Exercise = Which of the lines below mention the word "close"? Pull each one out.

Dataset items =
******************************
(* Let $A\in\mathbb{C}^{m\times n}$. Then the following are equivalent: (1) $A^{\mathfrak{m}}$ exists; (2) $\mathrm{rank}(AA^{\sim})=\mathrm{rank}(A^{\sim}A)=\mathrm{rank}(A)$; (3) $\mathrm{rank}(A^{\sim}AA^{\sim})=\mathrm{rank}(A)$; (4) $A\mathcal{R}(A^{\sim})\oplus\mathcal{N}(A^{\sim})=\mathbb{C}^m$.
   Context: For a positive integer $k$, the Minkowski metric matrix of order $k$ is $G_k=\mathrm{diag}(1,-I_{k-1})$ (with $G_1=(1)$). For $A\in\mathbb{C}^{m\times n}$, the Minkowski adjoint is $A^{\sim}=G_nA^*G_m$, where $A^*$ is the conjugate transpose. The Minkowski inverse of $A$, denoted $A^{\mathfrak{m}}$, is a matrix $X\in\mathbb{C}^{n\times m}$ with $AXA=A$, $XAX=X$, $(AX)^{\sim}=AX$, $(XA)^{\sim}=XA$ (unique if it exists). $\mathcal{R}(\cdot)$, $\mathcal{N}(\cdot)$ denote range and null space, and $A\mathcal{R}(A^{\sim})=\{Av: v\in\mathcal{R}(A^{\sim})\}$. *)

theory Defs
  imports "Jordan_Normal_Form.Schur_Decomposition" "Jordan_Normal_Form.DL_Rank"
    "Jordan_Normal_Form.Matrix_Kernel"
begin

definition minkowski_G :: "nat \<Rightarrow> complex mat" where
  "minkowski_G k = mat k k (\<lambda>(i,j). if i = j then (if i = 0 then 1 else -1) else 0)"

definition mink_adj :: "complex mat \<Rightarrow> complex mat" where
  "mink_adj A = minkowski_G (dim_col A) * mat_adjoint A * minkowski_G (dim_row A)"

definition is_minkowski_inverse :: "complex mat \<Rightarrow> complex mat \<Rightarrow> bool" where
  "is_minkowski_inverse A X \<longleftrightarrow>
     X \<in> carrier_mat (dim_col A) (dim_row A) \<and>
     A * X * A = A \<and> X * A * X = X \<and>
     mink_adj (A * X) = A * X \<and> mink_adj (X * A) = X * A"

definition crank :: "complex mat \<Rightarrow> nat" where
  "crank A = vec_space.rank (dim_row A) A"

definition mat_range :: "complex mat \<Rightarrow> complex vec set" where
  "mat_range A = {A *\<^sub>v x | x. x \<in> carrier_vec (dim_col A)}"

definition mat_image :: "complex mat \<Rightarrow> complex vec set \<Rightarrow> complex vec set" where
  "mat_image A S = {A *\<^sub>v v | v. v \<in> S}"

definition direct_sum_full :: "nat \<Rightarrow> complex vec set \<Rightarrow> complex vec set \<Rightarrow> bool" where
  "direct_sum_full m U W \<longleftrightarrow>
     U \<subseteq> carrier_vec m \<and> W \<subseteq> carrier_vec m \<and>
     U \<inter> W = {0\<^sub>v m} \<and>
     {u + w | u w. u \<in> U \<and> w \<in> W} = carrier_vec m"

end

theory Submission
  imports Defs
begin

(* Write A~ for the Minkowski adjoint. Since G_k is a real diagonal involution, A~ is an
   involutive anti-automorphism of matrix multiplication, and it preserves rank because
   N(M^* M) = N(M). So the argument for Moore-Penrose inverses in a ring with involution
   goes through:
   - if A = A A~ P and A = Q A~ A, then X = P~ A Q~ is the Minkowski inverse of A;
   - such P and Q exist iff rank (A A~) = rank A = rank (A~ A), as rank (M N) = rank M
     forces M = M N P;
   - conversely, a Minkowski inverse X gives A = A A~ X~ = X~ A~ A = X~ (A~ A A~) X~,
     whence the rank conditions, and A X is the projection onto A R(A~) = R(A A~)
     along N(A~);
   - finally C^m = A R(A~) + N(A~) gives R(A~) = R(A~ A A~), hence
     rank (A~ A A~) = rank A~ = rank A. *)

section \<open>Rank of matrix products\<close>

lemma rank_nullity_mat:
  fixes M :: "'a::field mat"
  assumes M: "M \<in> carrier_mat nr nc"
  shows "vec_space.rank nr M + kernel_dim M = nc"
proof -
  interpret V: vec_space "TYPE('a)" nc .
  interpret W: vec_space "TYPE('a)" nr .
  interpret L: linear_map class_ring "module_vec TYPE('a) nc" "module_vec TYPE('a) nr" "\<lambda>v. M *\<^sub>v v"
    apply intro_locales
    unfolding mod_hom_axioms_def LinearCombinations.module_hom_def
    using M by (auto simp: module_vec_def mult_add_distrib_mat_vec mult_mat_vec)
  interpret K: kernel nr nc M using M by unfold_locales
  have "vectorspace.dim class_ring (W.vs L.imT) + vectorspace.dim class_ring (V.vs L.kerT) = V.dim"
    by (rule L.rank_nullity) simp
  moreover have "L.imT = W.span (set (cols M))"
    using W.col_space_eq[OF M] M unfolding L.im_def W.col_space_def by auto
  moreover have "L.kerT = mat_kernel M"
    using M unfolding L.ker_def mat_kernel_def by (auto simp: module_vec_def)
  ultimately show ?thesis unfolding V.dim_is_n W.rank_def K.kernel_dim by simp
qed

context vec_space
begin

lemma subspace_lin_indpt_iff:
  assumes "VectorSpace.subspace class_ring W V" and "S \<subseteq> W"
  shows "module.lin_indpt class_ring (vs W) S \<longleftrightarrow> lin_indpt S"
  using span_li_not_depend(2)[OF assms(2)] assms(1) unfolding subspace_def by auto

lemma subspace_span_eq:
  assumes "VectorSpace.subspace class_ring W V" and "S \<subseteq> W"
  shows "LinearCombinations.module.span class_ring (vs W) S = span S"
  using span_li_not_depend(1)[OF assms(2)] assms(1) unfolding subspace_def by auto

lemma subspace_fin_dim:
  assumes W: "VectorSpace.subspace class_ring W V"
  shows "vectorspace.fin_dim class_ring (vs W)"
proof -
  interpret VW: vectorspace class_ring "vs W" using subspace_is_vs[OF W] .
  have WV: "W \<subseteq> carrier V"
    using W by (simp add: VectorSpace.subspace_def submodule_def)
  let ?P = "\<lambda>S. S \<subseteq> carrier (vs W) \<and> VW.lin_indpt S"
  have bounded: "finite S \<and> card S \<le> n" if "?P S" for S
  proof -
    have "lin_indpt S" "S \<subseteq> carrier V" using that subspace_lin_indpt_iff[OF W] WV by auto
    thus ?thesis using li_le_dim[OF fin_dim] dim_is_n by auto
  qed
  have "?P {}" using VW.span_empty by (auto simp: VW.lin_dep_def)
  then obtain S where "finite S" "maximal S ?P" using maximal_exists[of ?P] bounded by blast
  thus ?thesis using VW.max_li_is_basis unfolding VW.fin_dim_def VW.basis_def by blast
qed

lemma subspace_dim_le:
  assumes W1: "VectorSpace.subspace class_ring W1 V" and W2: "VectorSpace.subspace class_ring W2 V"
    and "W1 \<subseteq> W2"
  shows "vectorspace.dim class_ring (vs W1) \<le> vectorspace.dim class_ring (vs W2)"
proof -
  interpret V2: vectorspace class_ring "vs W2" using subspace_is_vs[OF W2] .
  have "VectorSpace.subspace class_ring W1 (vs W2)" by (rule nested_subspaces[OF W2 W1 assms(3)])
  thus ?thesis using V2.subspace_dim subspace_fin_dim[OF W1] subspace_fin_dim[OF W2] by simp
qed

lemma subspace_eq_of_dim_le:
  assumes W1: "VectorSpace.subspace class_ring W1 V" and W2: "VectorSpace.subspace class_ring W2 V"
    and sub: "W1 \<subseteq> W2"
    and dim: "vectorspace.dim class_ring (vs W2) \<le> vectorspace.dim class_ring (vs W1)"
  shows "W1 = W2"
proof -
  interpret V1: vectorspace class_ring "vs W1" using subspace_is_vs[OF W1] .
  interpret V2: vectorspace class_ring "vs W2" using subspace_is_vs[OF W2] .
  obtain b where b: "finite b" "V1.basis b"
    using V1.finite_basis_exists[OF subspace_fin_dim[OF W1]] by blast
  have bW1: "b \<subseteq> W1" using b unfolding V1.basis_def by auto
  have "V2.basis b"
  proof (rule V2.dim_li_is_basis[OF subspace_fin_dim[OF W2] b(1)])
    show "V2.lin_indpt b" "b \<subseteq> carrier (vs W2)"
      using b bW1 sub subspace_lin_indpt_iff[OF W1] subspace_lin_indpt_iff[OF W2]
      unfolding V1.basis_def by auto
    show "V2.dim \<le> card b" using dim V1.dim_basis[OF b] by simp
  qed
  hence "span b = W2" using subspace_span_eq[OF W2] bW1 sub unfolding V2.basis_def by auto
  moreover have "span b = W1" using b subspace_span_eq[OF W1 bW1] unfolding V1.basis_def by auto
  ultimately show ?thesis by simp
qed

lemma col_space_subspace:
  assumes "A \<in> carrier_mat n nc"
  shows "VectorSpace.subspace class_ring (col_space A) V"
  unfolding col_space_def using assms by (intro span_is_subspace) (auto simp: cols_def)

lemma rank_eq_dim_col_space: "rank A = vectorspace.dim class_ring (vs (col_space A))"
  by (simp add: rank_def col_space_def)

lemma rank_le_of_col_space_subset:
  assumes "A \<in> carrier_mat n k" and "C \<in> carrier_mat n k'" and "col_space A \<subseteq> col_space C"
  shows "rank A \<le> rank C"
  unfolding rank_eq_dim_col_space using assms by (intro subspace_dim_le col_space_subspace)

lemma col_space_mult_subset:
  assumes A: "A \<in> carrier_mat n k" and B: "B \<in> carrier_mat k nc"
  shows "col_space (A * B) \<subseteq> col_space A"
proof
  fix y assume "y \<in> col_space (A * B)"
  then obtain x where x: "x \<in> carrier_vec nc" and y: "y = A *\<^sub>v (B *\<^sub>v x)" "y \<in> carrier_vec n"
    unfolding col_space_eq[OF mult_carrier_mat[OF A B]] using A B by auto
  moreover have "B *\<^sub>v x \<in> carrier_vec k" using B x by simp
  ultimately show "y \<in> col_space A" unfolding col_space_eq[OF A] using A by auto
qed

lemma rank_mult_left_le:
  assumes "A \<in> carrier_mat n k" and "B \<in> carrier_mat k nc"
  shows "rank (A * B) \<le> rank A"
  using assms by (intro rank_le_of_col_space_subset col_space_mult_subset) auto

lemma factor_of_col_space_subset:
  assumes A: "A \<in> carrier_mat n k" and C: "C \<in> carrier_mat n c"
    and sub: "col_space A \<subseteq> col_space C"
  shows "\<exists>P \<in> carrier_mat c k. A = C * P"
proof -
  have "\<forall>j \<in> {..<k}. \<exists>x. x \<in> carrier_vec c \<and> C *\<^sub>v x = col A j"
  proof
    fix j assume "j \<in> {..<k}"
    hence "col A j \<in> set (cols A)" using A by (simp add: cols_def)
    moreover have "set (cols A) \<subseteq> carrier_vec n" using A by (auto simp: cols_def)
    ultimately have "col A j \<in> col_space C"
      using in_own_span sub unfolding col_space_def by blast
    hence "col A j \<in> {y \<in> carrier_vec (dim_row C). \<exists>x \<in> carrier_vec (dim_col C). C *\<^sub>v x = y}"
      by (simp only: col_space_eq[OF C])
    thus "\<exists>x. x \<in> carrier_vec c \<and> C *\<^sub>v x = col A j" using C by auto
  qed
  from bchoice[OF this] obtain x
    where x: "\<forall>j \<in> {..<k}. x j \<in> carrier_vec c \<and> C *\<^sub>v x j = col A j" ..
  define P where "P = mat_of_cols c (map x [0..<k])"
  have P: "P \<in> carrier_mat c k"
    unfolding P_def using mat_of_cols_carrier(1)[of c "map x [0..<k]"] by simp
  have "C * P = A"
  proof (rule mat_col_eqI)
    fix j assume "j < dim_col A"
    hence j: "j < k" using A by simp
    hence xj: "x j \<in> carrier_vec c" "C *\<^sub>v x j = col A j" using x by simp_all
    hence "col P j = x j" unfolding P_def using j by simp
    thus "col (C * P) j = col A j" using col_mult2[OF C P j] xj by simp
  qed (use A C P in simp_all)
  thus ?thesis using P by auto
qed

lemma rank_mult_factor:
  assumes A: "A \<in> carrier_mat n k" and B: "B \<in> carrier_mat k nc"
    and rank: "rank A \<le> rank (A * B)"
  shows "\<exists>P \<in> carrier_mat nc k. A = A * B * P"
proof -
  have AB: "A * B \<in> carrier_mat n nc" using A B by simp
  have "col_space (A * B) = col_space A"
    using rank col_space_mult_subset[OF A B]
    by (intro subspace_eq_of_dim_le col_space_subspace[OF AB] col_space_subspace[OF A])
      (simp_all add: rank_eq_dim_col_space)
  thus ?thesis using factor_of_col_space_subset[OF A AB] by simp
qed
******************************
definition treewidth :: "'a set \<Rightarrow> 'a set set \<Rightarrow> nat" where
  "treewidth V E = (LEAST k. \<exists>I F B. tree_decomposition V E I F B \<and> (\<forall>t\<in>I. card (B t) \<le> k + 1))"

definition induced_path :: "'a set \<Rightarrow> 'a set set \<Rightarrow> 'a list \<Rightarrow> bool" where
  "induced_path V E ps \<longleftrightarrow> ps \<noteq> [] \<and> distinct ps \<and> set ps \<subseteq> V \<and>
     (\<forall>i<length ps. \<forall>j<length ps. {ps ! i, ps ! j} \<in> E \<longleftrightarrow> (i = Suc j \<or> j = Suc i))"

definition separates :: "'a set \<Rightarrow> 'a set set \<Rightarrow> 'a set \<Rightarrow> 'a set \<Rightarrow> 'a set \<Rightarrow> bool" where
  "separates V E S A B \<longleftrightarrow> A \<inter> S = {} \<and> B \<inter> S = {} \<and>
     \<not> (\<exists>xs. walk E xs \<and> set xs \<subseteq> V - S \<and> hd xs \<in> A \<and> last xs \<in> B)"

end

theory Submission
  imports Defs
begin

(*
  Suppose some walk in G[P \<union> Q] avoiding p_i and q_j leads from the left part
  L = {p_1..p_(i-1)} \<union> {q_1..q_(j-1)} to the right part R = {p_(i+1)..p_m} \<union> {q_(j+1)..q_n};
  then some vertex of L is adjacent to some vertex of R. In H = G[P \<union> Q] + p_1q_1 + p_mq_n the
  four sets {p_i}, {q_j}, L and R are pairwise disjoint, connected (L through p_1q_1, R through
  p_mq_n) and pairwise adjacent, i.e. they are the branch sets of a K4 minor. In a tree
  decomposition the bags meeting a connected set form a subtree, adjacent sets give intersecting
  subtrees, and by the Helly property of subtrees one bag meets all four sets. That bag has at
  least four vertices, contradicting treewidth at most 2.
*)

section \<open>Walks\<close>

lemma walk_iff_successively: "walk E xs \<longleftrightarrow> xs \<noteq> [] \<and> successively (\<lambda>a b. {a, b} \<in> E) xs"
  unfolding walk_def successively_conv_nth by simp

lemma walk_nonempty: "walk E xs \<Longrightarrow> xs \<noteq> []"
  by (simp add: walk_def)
******************************
Answer area =
section \<open>Rank of matrix products\<close>
section \<open>Walks\<close>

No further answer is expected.